# It's all over!



## barryd (May 9, 2008)

It is now!
This will be my last new thread of our summer adventure (summer? It's practically winter!)

What a way to end the trip. We have spent the last few days in Normandy. We had to make a decision at Limoges to either head North to Calais or take a chance on pastures new and head North West through Normandy to Portsmouth via Cherbourg (I have to be in Oxford but that's another story).

We, along with many I suspect belt down from Calais, do a few landing beaches and then hop to Mont St Michel and into Brittany. We miss out the sticky out bit that is the Cherbourg Peninsula. What a find. Its wild camping heaven up here but if you're into Pretty Dordogne type villages, places to shop or Alpine views then its maybe not for you. It reminds me somewhat of the west coast and islands of Scotland. Wild and rugged and I think it has beaches to rival Brittany and certainly not as crowded.

The French website campingcar infos lists loads of places to wild camp as well as the usual Aires so they are in the public domain but if you want any details I suggest you PM me as for once I'm not sure it would be a good thing to blab all the GPS coordinates on a public forum.

The weather hasn't been bad either and I even managed a last swim in the sea. A tad colder than the med but the hot shower was just a step up the beach!

The funniest thing we saw was two German vans on the west coast which is the surfing side who had more surf boards, wind and kite surfers than the local surf shop. They had spread their stuff out all over the car park and into the next field where they had a fire going and a Barbecue. Perhaps it was an attempt to reclaim Normandy!

Barfleur and St Vast La Hougue on the Eastern end were our favourites and the lighthouse at Gatteville le Phare at night is just stunning.

Last night was spent on a beach on the wilder western end where the waves were so close and loud the whole van shook. It was a wild night and there was sea weed around the wheels this morning!

Tomorrow it's all over. Back on the afternoon ferry to Portsmouth (weather permitting) and finally back to England. It's been a blast and we both wish to thank everyone for your contributions to my endless posts! We have discovered loads of new places and thanks to having the internet MHF members have been invaluable. I hope I have managed to post some helpful stuff as well and it hasn't all been complete nonsense!
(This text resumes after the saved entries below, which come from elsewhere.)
lemma valid_escapes_invariant:
  assumes "valid T" and "I (ant T) (suc T)"
    and step: "\<And>G D r. rule_ok G D r \<Longrightarrow> I G D \<Longrightarrow>
      Q G D r \<or> (\<exists>k < length (prems G D r). case_prod I (inst G D (prems G D r ! k)))"
  shows "\<exists>a t. subtree T a = Some t \<and> Q (ant t) (suc t) (rlof t)"
  using assms(1,2)
proof (induction T rule: valid.induct)
  case (1 G D r ts)
  have len: "length ts = length (prems G D r)"
    using "1.hyps"(2) by (rule list_all2_lengthD)
  from step[OF "1.hyps"(1)] "1.prems" consider
      "Q G D r"
    | k where "k < length ts" "case_prod I (inst G D (prems G D r ! k))"
    using len by auto
  then show ?case
  proof cases
    case 1
    then show ?thesis by (intro exI[of _ "[]"]) auto
  next
    case (2 k)
    then have "I (ant (ts ! k)) (suc (ts ! k))"
      using list_all2_nthD[OF "1.hyps"(2), of k] len by (auto split: prod.splits)
    then obtain a t where "subtree (ts ! k) a = Some t" "Q (ant t) (suc t) (rlof t)"
      using "1.IH" \<open>k < length ts\<close> by auto
    then show ?thesis
      using \<open>k < length ts\<close> by (intro exI[of _ "k # a"]) auto
  qed
qed

text \<open>Polarity True means succedent position; child_sign s f c s' says that the c-th
  immediate subformula of f has polarity s' when f has polarity s.\<close>

inductive child_sign :: "bool \<Rightarrow> 'a fm \<Rightarrow> nat \<Rightarrow> bool \<Rightarrow> bool" where
  "child_sign s (Imp a b) 0 (\<not> s)"
| "child_sign s (Imp a b) 1 s"
| "child_sign s (Box a) 0 s"
| "child_sign s (Neg a) 0 (\<not> s)"
| "child_sign s (Conj a b) 0 s"
| "child_sign s (Conj a b) 1 s"
(* Let $0\le\lambda<\gamma\le\delta$. If $F\in\mathcal{R}(\gamma,\delta,\lambda)$, then $\mathrm{Re}\left\{\frac{F(z)}{z}\right\}>\frac12$ for all $z\in\mathcal{U}$.
   Context: Let $\mathcal{U}=\{z\in\mathbb{C}:|z|<1\}$ and let $\mathcal{A}$ be the class of analytic functions $F$ in $\mathcal{U}$ with $F(0)=0$, $F'(0)=1$. For real $0\le\lambda<\gamma\le\delta$, $\mathcal{R}(\gamma,\delta,\lambda)$ is the class of $F\in\mathcal{A}$ such that $\mathrm{Re}\{\gamma F'(z)+\delta zF''(z)+\frac{\delta-\gamma}{2}z^2F'''(z)\}>\lambda$ for all $z\in\mathcal{U}$. Here $F(z)/z$ at $z=0$ means its limiting value $1$. *)

theory Defs
  imports "HOL-Complex_Analysis.Complex_Analysis"
begin

definition unit_disc :: "complex set" where
  "unit_disc = ball 0 1"

definition class_A :: "(complex \<Rightarrow> complex) set" where
  "class_A = {F. F holomorphic_on unit_disc \<and> F 0 = 0 \<and> deriv F 0 = 1}"

definition class_R :: "real \<Rightarrow> real \<Rightarrow> real \<Rightarrow> (complex \<Rightarrow> complex) set" where
  "class_R gam del lam = {F \<in> class_A. \<forall>z\<in>unit_disc.
      Re (of_real gam * deriv F z + of_real del * z * (deriv ^^ 2) F z
          + of_real ((del - gam) / 2) * z^2 * (deriv ^^ 3) F z) > lam}"

end

theory Submission
  imports Defs
begin

text \<open>
  Put \<open>q = (z F')' = F' + z F''\<close> and \<open>\<nu> = (\<delta> - \<gamma>)/2\<close>. The hypothesis says
  \<open>Re (\<gamma> q + \<nu> z q') > \<lambda> \<ge> 0\<close>. For \<open>\<nu> > 0\<close> this makes \<open>t powr (\<gamma>/\<nu>) * Re q(t z)\<close>
  strictly increasing on \<open>[0, 1]\<close>, so \<open>Re q > 0\<close> in the disc. Since \<open>q(0) = 1\<close>, Schwarz's lemma
  applied to \<open>(q - 1)/(q + 1)\<close> yields Harnack's bound
  \<open>Re q(w) \<ge> (1 - |w|)/(1 + |w|) \<ge> 1 - 2|w|\<close>. Integrating along rays twice gives
  \<open>Re F'(z) \<ge> 1 - |z|\<close> and then \<open>Re (F(z)/z) \<ge> 1 - |z|/2 > 1/2\<close>.
\<close>

lemma of_real_mult_in_unit_ball:
  assumes "z \<in> ball (0::complex) 1" "0 \<le> t" "t \<le> 1"
  shows "complex_of_real t * z \<in> ball 0 1"
proof -
  have "norm (complex_of_real t * z) = t * norm z"
    using assms by (simp add: norm_mult)
  also have "\<dots> \<le> norm z"
    using assms by (simp add: mult_left_le_one_le)
  finally show ?thesis
    using assms by simp
qed

lemma has_real_derivative_Re_along_ray:
  assumes "(f has_field_derivative f') (at (complex_of_real t * z))"
  shows "((\<lambda>s. Re (f (complex_of_real s * z))) has_real_derivative Re (f' * z)) (at t)"
proof -
  have "((\<lambda>\<zeta>. \<zeta> * z) has_field_derivative z) (at (complex_of_real t))"
    by (auto intro!: derivative_eq_intros)
  from DERIV_chain2[OF assms this]
  have "((\<lambda>\<zeta>. f (\<zeta> * z)) has_field_derivative f' * z) (at (complex_of_real t))" .
  moreover have "(complex_of_real has_vector_derivative 1) (at t)"
    using has_vector_derivative_real_field[of "\<lambda>x. x" 1 t] by (auto intro!: derivative_eq_intros)
  ultimately have "((\<lambda>s. f (complex_of_real s * z)) has_vector_derivative f' * z) (at t)"
    using field_vector_diff_chain_at by (force simp: o_def)
  then show ?thesis
    by (rule has_field_derivative_Re)
qed

lemma Re_pos_of_Re_Euler_combination_pos:
  fixes q q' :: "complex \<Rightarrow> complex" and a :: real
  assumes "a > 0"
    and q': "\<And>w. w \<in> ball 0 1 \<Longrightarrow> (q has_field_derivative q' w) (at w)"
    and pos: "\<And>w. w \<in> ball 0 1 \<Longrightarrow> Re (a * q w + w * q' w) > 0"
    and z: "z \<in> ball 0 1"
  shows "Re (q z) > 0"
proof -
  define \<Phi> where "\<Phi> t = t powr a * Re (q (complex_of_real t * z))" for t
  have Re_q: "((\<lambda>t. Re (q (complex_of_real t * z))) has_real_derivative
      Re (q' (complex_of_real t * z) * z)) (at t)" if "0 \<le> t" "t \<le> 1" for t
    using has_real_derivative_Re_along_ray q' of_real_mult_in_unit_ball z that by blast
  have "\<Phi> 0 < \<Phi> 1"
  proof (rule DERIV_pos_imp_increasing_open[of 0 1 \<Phi>])
    fix t :: real
    assume t: "0 < t" "t < 1"
    define w where "w = complex_of_real t * z"
    have w_in: "w \<in> ball 0 1"
      using of_real_mult_in_unit_ball t z unfolding w_def by simp
    have "(\<Phi> has_real_derivative a * t powr (a - 1) * Re (q w) + Re (q' w * z) * t powr a) (at t)"
      unfolding \<Phi>_def w_def using t by (intro DERIV_mult has_real_derivative_powr Re_q) auto
    moreover have "a * t powr (a - 1) * Re (q w) + Re (q' w * z) * t powr a
        = t powr (a - 1) * Re (a * q w + w * q' w)"
      using t by (simp add: w_def powr_diff algebra_simps)
    ultimately show "\<exists>y. (\<Phi> has_real_derivative y) (at t) \<and> y > 0"
      using pos[OF w_in] t by auto
  next
    have "continuous_on {0..1} (\<lambda>t. Re (q (complex_of_real t * z)))"
      using Re_q by (intro continuous_at_imp_continuous_on ballI DERIV_isCont) auto
    then show "continuous_on {0..1} \<Phi>"
      unfolding \<Phi>_def using \<open>a > 0\<close> by (intro continuous_on_mult continuous_on_powr') auto
  qed simp
  then show ?thesis
    by (simp add: \<Phi>_def)
qed

lemma Re_pos_of_Re_combination_pos:
  fixes q q' :: "complex \<Rightarrow> complex" and c d :: real
  assumes "c > 0" "d \<ge> 0"
    and q': "\<And>w. w \<in> ball 0 1 \<Longrightarrow> (q has_field_derivative q' w) (at w)"
    and pos: "\<And>w. w \<in> ball 0 1 \<Longrightarrow> Re (complex_of_real c * q w + complex_of_real d * w * q' w) > 0"
    and z: "z \<in> ball 0 1"
  shows "Re (q z) > 0"
proof (cases "d = 0")
  case True
  then show ?thesis
    using pos[OF z] \<open>c > 0\<close> by (simp add: zero_less_mult_iff)
next
  case False
  then have "d > 0"
    using \<open>d \<ge> 0\<close> by simp
  have "Re (c / d * q w + w * q' w) > 0" if "w \<in> ball 0 1" for w
  proof -
    have "Re (c / d * q w + w * q' w) = Re (complex_of_real c * q w + complex_of_real d * w * q' w) / d"
      using \<open>d > 0\<close> by (simp add: field_simps)
    then show ?thesis
      using pos[OF that] \<open>d > 0\<close> by simp
  qed
  then show ?thesis
    using Re_pos_of_Re_Euler_combination_pos[of "c / d" q q' z] \<open>c > 0\<close> \<open>d > 0\<close> q' z
    by simp
qed

lemma Re_ge_of_Cayley_transform_bound:
  fixes q :: complex and r :: real
  assumes "Re q > 0" "norm (q - 1) \<le> r * norm (q + 1)" "0 \<le> r" "r < 1"
  shows "Re q \<ge> (1 - r) / (1 + r)"
proof -
  define u v where "u = Re q" and "v = Im q"
  have "(norm (q - 1))\<^sup>2 \<le> (r * norm (q + 1))\<^sup>2"
    using assms by (intro power_mono) auto
  then have "(u - 1)\<^sup>2 + v\<^sup>2 \<le> r\<^sup>2 * ((u + 1)\<^sup>2 + v\<^sup>2)"
    unfolding u_def v_def by (simp add: cmod_def power_mult_distrib)
  moreover have "r\<^sup>2 * v\<^sup>2 \<le> v\<^sup>2"
    using assms by (intro mult_left_le_one_le) (auto simp: power_le_one)
  ultimately have "(u - 1)\<^sup>2 \<le> r\<^sup>2 * (u + 1)\<^sup>2"
    by (simp add: distrib_left)
  then have "(u - 1)\<^sup>2 \<le> (r * (u + 1))\<^sup>2"
    by (simp add: power_mult_distrib)
  then have "\<bar>u - 1\<bar> \<le> \<bar>r * (u + 1)\<bar>"
    using power2_le_imp_le[of "\<bar>u - 1\<bar>" "\<bar>r * (u + 1)\<bar>"] by simp
  then have "1 - u \<le> r * u + r"
    using assms by (simp add: u_def v_def abs_mult algebra_simps)
  then show ?thesis
    using assms by (simp add: u_def v_def field_simps)
qed

lemma Harnack_inequality_Re:
  fixes q :: "complex \<Rightarrow> complex"
  assumes hol: "q holomorphic_on ball 0 1" and "q 0 = 1"
    and pos: "\<And>w. w \<in> ball 0 1 \<Longrightarrow> Re (q w) > 0"
    and w: "w \<in> ball 0 1"
  shows "Re (q w) \<ge> (1 - norm w) / (1 + norm w)"
proof -
  define \<omega> where "\<omega> x = (q x - 1) / (q x + 1)" for x
  have nonzero: "q x + 1 \<noteq> 0" if "x \<in> ball 0 1" for x
  proof
    assume "q x + 1 = 0"
    then have "Re (q x) = -1"
      by (simp add: complex_eq_iff)
    with pos[OF that] show False
      by simp
  qed
  have "norm (\<omega> x) < 1" if "norm x < 1" for x
  proof -
    have "(norm (q x - 1))\<^sup>2 = (Re (q x) - 1)\<^sup>2 + (Im (q x))\<^sup>2"
      and "(norm (q x + 1))\<^sup>2 = (Re (q x) + 1)\<^sup>2 + (Im (q x))\<^sup>2"
      by (simp_all add: cmod_power2)
    then have "(norm (q x - 1))\<^sup>2 < (norm (q x + 1))\<^sup>2"
      using pos[of x] that by (simp add: power2_eq_square algebra_simps)
    then have "norm (q x - 1) < norm (q x + 1)"
      using power2_less_imp_less norm_ge_zero by blast
    then show ?thesis
      using nonzero[of x] that by (simp add: \<omega>_def norm_divide divide_less_eq_1)
  qed
  moreover have "\<omega> holomorphic_on ball 0 1"
    unfolding \<omega>_def using nonzero by (intro holomorphic_intros hol) auto
  moreover have "\<omega> 0 = 0"
    by (simp add: \<omega>_def \<open>q 0 = 1\<close>)
  ultimately have "norm (\<omega> w) \<le> norm w"
    using Schwarz_Lemma(1) w by simp
  then have "norm (q w - 1) \<le> norm w * norm (q w + 1)"
    using nonzero[OF w] by (simp add: \<omega>_def norm_divide pos_divide_le_eq)
  then show ?thesis
    using Re_ge_of_Cayley_transform_bound pos w by simp
qed

lemma Re_divide_ge_of_Re_deriv_ge:
  fixes h h' :: "complex \<Rightarrow> complex" and c :: real
  assumes h': "\<And>w. w \<in> ball 0 1 \<Longrightarrow> (h has_field_derivative h' w) (at w)"
    and "h 0 = 0"
    and bound: "\<And>w. w \<in> ball 0 1 \<Longrightarrow> Re (h' w) \<ge> 1 - c * norm w"
    and z: "z \<in> ball 0 1" "z \<noteq> 0"
  shows "Re (h z / z) \<ge> 1 - c * norm z / 2"
proof -
  define \<psi> where "\<psi> t = Re (h (complex_of_real t * z) / z) - (t - c * norm z * t\<^sup>2 / 2)" for t
  have "\<psi> 0 \<le> \<psi> 1"
  proof (rule DERIV_nonneg_imp_nondecreasing[of 0 1 \<psi>])
    fix t :: real
    assume t: "0 \<le> t" "t \<le> 1"
    define w where "w = complex_of_real t * z"
    have w_in: "w \<in> ball 0 1"
      using of_real_mult_in_unit_ball t z unfolding w_def by blast
    have "((\<lambda>\<zeta>. h \<zeta> / z) has_field_derivative h' w / z) (at w)"
      using h'[OF w_in] by (rule DERIV_cdivide)
    from has_real_derivative_Re_along_ray[OF this[unfolded w_def]]
    have "((\<lambda>s. Re (h (complex_of_real s * z) / z)) has_real_derivative Re (h' w)) (at t)"
      using \<open>z \<noteq> 0\<close> by (simp add: w_def)
    then have "(\<psi> has_real_derivative Re (h' w) - (1 - c * norm z * t)) (at t)"
      unfolding \<psi>_def by (rule DERIV_diff) (auto intro!: derivative_eq_intros)
    moreover have "norm w = t * norm z"
      using t by (simp add: w_def norm_mult)
    ultimately show "\<exists>y. (\<psi> has_real_derivative y) (at t) \<and> y \<ge> 0"
      using bound[OF w_in] by (auto simp: algebra_simps)
  qed simp
  then show ?thesis
    by (simp add: \<psi>_def \<open>h 0 = 0\<close>)
qed

lemma has_field_derivative_higher_deriv:
  assumes "f holomorphic_on S" "open S" "w \<in> S"
  shows "((deriv ^^ n) f has_field_derivative (deriv ^^ Suc n) f w) (at w)"
  using holomorphic_derivI[OF holomorphic_higher_deriv[OF assms(1,2)] assms(2,3)] by simp

lemma Re_deriv_ge_of_Re_deriv_z_deriv_pos:
  fixes F :: "complex \<Rightarrow> complex"
  assumes hol: "F holomorphic_on ball 0 1" and "deriv F 0 = 1"
    and pos: "\<And>w. w \<in> ball 0 1 \<Longrightarrow> Re (deriv F w + w * (deriv ^^ 2) F w) > 0"
    and z: "z \<in> ball 0 1"
  shows "Re (deriv F z) \<ge> 1 - norm z"
proof -
  define q where "q w = deriv F w + w * (deriv ^^ 2) F w" for w
  have "q holomorphic_on ball 0 1"
    unfolding q_def using hol by (intro holomorphic_intros) auto
  moreover have "q 0 = 1"
    by (simp add: q_def \<open>deriv F 0 = 1\<close>)
  ultimately have q_ge: "Re (q w) \<ge> 1 - 2 * norm w" if "w \<in> ball 0 1" for w
  proof -
    have "Re (q w) \<ge> (1 - norm w) / (1 + norm w)"
      using Harnack_inequality_Re \<open>q holomorphic_on ball 0 1\<close> \<open>q 0 = 1\<close> pos that
      unfolding q_def by blast
    moreover have "(1 - 2 * norm w) * (1 + norm w) \<le> 1 - norm w"
      by (simp add: algebra_simps)
    then have "(1 - norm w) / (1 + norm w) \<ge> 1 - 2 * norm w"
      by (simp add: pos_le_divide_eq add_pos_nonneg)
    ultimately show ?thesis
      by linarith
  qed
  have z_deriv: "((\<lambda>w. w * deriv F w) has_field_derivative q w) (at w)" if "w \<in> ball 0 1" for w
    using has_field_derivative_higher_deriv[OF hol open_ball that, of 1]
    unfolding q_def by (auto simp: numeral_2_eq_2 intro!: derivative_eq_intros)
  show ?thesis
  proof (cases "z = 0")
    case True
    then show ?thesis
      using \<open>deriv F 0 = 1\<close> by simp
  next
    case False
    then show ?thesis
      using Re_divide_ge_of_Re_deriv_ge[OF z_deriv _ q_ge z False] by simp
  qed
qed

lemma class_R_Re_deriv_z_deriv_pos:
  assumes "0 \<le> lam" "lam < gam" "gam \<le> del" "F \<in> class_R gam del lam"
    and z: "z \<in> ball 0 1"
  shows "Re (deriv F z + z * (deriv ^^ 2) F z) > 0"
proof -
  define q q' where "q w = deriv F w + w * (deriv ^^ 2) F w"
    and "q' w = 2 * (deriv ^^ 2) F w + w * (deriv ^^ 3) F w" for w
  have hol: "F holomorphic_on ball 0 1"
    using assms(4) by (simp add: class_R_def class_A_def unit_disc_def)
  have q_deriv: "(q has_field_derivative q' w) (at w)" if "w \<in> ball 0 1" for w
    using has_field_derivative_higher_deriv[OF hol open_ball that, of 1]
      has_field_derivative_higher_deriv[OF hol open_ball that, of 2]
    unfolding q_def q'_def by (auto simp: numeral_2_eq_2 numeral_3_eq_3 intro!: derivative_eq_intros)
  have combination_pos: "Re (of_real gam * q w + of_real ((del - gam) / 2) * w * q' w) > 0"
    if "w \<in> ball 0 1" for w
  proof -
    have "of_real gam * q w + of_real ((del - gam) / 2) * w * q' w
        = of_real gam * deriv F w + of_real del * w * (deriv ^^ 2) F w
          + of_real ((del - gam) / 2) * w\<^sup>2 * (deriv ^^ 3) F w"
      by (simp add: q_def q'_def field_simps power2_eq_square)
    moreover have "Re (of_real gam * deriv F w + of_real del * w * (deriv ^^ 2) F w
          + of_real ((del - gam) / 2) * w\<^sup>2 * (deriv ^^ 3) F w) > lam"
      using assms(4) that by (simp add: class_R_def unit_disc_def)
    ultimately show ?thesis
      using \<open>0 \<le> lam\<close> by simp
  qed
  have "Re (q z) > 0"
    using Re_pos_of_Re_combination_pos[OF _ _ q_deriv combination_pos z] assms(1-3) by simp
  then show ?thesis
    by (simp add: q_def)
qed

theorem lemma14:
  fixes gam del lam :: real and F :: "complex \<Rightarrow> complex"
  assumes "0 \<le> lam" and "lam < gam" and "gam \<le> del"
    and "F \<in> class_R gam del lam"
  shows "\<forall>z\<in>unit_disc. Re (if z = 0 then 1 else F z / z) > 1/2"
proof
  fix z
  assume "z \<in> unit_disc"
  then have z: "z \<in> ball 0 1"
    by (simp add: unit_disc_def)
  have F: "F holomorphic_on ball 0 1" "F 0 = 0" "deriv F 0 = 1"
    using assms(4) by (auto simp: class_R_def class_A_def unit_disc_def)
  have "Re (deriv F w) \<ge> 1 - 1 * norm w" if "w \<in> ball 0 1" for w
    using Re_deriv_ge_of_Re_deriv_z_deriv_pos[OF F(1,3) class_R_Re_deriv_z_deriv_pos[OF assms] that]
    by simp
  then have "Re (F z / z) \<ge> 1 - 1 * norm z / 2" if "z \<noteq> 0"
    using Re_divide_ge_of_Re_deriv_ge[OF holomorphic_derivI[OF F(1) open_ball] F(2) _ z that]
    by blast
  then show "Re (if z = 0 then 1 else F z / z) > 1/2"
    using z by auto
qed

end
text \<open>pfbp_runs ci T F n S out: starting from selected set S, performing at most
  n Runs (stopping early if a Run leaves S unchanged), the output can be out.\<close>
inductive pfbp_runs :: "('v set \<Rightarrow> 'v set \<Rightarrow> 'v set \<Rightarrow> bool) \<Rightarrow> 'v \<Rightarrow> 'v set \<Rightarrow> nat \<Rightarrow> 'v set \<Rightarrow> 'v set \<Rightarrow> bool"
  for ci T F where
  runs_done: "pfbp_runs ci T F 0 S S"
| runs_unchanged: "pfbp_run ci T F S S \<Longrightarrow> pfbp_runs ci T F (Suc n) S S"
| runs_changed: "pfbp_run ci T F S S' \<Longrightarrow> S' \<noteq> S \<Longrightarrow> pfbp_runs ci T F n S' out \<Longrightarrow>
    pfbp_runs ci T F (Suc n) S out"

definition PFBP :: "('v set \<Rightarrow> 'v set \<Rightarrow> 'v set \<Rightarrow> bool) \<Rightarrow> 'v \<Rightarrow> 'v set \<Rightarrow> nat \<Rightarrow> 'v set \<Rightarrow> bool" where
  "PFBP ci T F maxRuns out \<longleftrightarrow> pfbp_runs ci T F maxRuns {} out"

end

theory Submission
  imports Defs
begin

text \<open>Faithfulness turns every independence of T into a d-separation. Let B be the graphical
  Markov blanket of T (parents, children and spouses). A neighbour of T is dependent on T given
  any set avoiding it, and a spouse given any set avoiding it but containing the common child.
  Conversely, every S \<supseteq> B blocks all paths from outside S to T: the last inner node lies in B,
  so it must be a collider; then the node before it is a spouse, hence in S and a collider too,
  which orients one edge both ways. So the first Run selects every neighbour of T, and a Run
  started from a superset of the neighbours selects all of B in its forward phase and keeps
  exactly B in its backward phase.\<close>

definition neighbours :: "'v set \<Rightarrow> ('v \<times> 'v) set \<Rightarrow> 'v \<Rightarrow> 'v set" where
  "neighbours V E T = {x \<in> V. x \<noteq> T \<and> adjacent E x T}"

definition dag_blanket :: "'v set \<Rightarrow> ('v \<times> 'v) set \<Rightarrow> 'v \<Rightarrow> 'v set" where
  "dag_blanket V E T = {x \<in> V. x \<noteq> T \<and> (adjacent E x T \<or> (\<exists>c. (x, c) \<in> E \<and> (T, c) \<in> E))}"

lemma neighbours_subset_dag_blanket: "neighbours V E T \<subseteq> dag_blanket V E T"
  by (auto simp: neighbours_def dag_blanket_def)

lemma dag_blanket_subset: "dag_blanket V E T \<subseteq> V - {T}"
  by (auto simp: dag_blanket_def)

lemma acyclic_irrefl_edge: "acyclic E \<Longrightarrow> (x, x) \<notin> E"
  by (meson acyclic_def r_into_trancl')

lemma acyclic_asym_edge: "acyclic E \<Longrightarrow> (x, y) \<in> E \<Longrightarrow> (y, x) \<notin> E"
  by (meson acyclic_def r_into_trancl' trancl_into_trancl)

lemma edge_path_active:
  assumes "is_dag V E" "adjacent E x T" "x \<noteq> T"
  shows "is_path V E [x, T] x T \<and> active E Z [x, T]"
  using assms unfolding is_dag_def is_path_def active_def adjacent_def
  by (auto simp: less_Suc_eq)

lemma collider_path_active:
  assumes "is_dag V E" "(x, c) \<in> E" "(T, c) \<in> E" "x \<noteq> T" "c \<in> Z"
  shows "is_path V E [x, c, T] x T \<and> active E Z [x, c, T]"
proof -
  have "acyclic E" and "E \<subseteq> V \<times> V"
    using assms(1) by (auto simp: is_dag_def)
  moreover have "x \<noteq> c" "T \<noteq> c"
    using acyclic_irrefl_edge[OF \<open>acyclic E\<close>] assms(2,3) by auto
  moreover have "\<And>i. 0 < i \<Longrightarrow> Suc i < 3 \<Longrightarrow> i = 1"
    by auto
  ultimately show ?thesis
    using assms unfolding is_path_def active_def adjacent_def collider_def
    by (auto simp: less_Suc_eq nth_Cons')
qed

lemma active_member_collider:
  "active E Z p \<Longrightarrow> 0 < i \<Longrightarrow> Suc i < length p \<Longrightarrow> p ! i \<in> Z \<Longrightarrow> collider E p i"
  unfolding active_def by metis

lemma path_member_inner:
  assumes "is_path V E p x T" "x \<notin> S" "T \<notin> S" "i < length p" "p ! i \<in> S"
  shows "0 < i \<and> Suc i < length p"
proof -
  have "p ! 0 = x" "p ! (length p - 1) = T"
    using assms(1) by (auto simp: is_path_def hd_conv_nth last_conv_nth)
  then show ?thesis
    using assms(2-5) by (metis Suc_lessI diff_Suc_1 gr0I)
qed

lemma dag_blanket_blocks_paths:
  assumes dag: "is_dag V E"
    and B: "dag_blanket V E T \<subseteq> S" "S \<subseteq> V - {T}"
    and x: "x \<notin> S" "x \<noteq> T"
    and p: "is_path V E p x T" "active E S p"
  shows False
proof -
  have ac: "acyclic E"
    using dag by (simp add: is_dag_def)
  have inner: "\<And>i. i < length p \<Longrightarrow> p ! i \<in> S \<Longrightarrow> 0 < i \<and> Suc i < length p"
    using path_member_inner[OF p(1) x(1)] B(2) by blast
  have inV: "\<And>i. i < length p \<Longrightarrow> p ! i \<in> V" and dist: "distinct p"
    using p(1) by (auto simp: is_path_def)
  have "length p \<noteq> 0" "length p \<noteq> 1"
    using p(1) x(2) by (auto simp: is_path_def length_Suc_conv)
  then obtain j where len: "length p = Suc (Suc j)"
    by (cases "length p" rule: nat.exhaust; cases "length p - 1" rule: nat.exhaust) auto
  have T: "p ! Suc j = T"
    using p(1) len by (auto simp: is_path_def last_conv_nth)
  have bT: "p ! j \<noteq> T"
    using nth_eq_iff_index_eq[OF dist, of j "Suc j"] len T by auto
  have "adjacent E (p ! j) T"
    using p(1) len T by (auto simp: is_path_def)
  then have "p ! j \<in> S"
    using B(1) inV[of j] bT len by (auto simp: dag_blanket_def)
  then obtain i where j: "j = Suc i"
    using inner[of j] len by (auto simp: gr0_conv_Suc)
  have "collider E p j"
    using active_member_collider[OF p(2)] inner \<open>p ! j \<in> S\<close> len by auto
  then have ab: "(p ! i, p ! j) \<in> E" and Tb: "(T, p ! j) \<in> E"
    using T j by (auto simp: collider_def)
  have "p ! i \<noteq> T"
    using nth_eq_iff_index_eq[OF dist, of i "Suc (Suc i)"] len T j by auto
  then have "p ! i \<in> S"
    using B(1) inV[of i] ab Tb len j by (auto simp: dag_blanket_def)
  then have "collider E p i"
    using active_member_collider[OF p(2)] inner len j by auto
  then have "(p ! j, p ! i) \<in> E"
    using j by (simp add: collider_def)
  then show False
    using acyclic_asym_edge[OF ac ab] by blast
qed

lemma forward_subset:
  "forward ci T S R S' \<Longrightarrow> S \<subseteq> F \<Longrightarrow> R \<subseteq> F \<Longrightarrow> S \<subseteq> S' \<and> S' \<subseteq> F"
  by (induction rule: forward.induct) auto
If anyone is still reading it the blog at www.hankthetank.co.uk it should be updated later today.

Cheers and happy travels!
Barry




























The last swim! No its not Daniel Craig!









Barfleur









St Vast La Hougue


----------



## Carl_n_Flo (May 10, 2005)

Thankyou Barry and Michelle, for a fantastic summer of adventures.

Even though we couldnt get out to France this summer, following your adventures has been like a tour in itself for us.

Will print off the blog in the next few days and relax whilst reading it from beginning to end.

Have a safe crossing - and good luck with Oxford.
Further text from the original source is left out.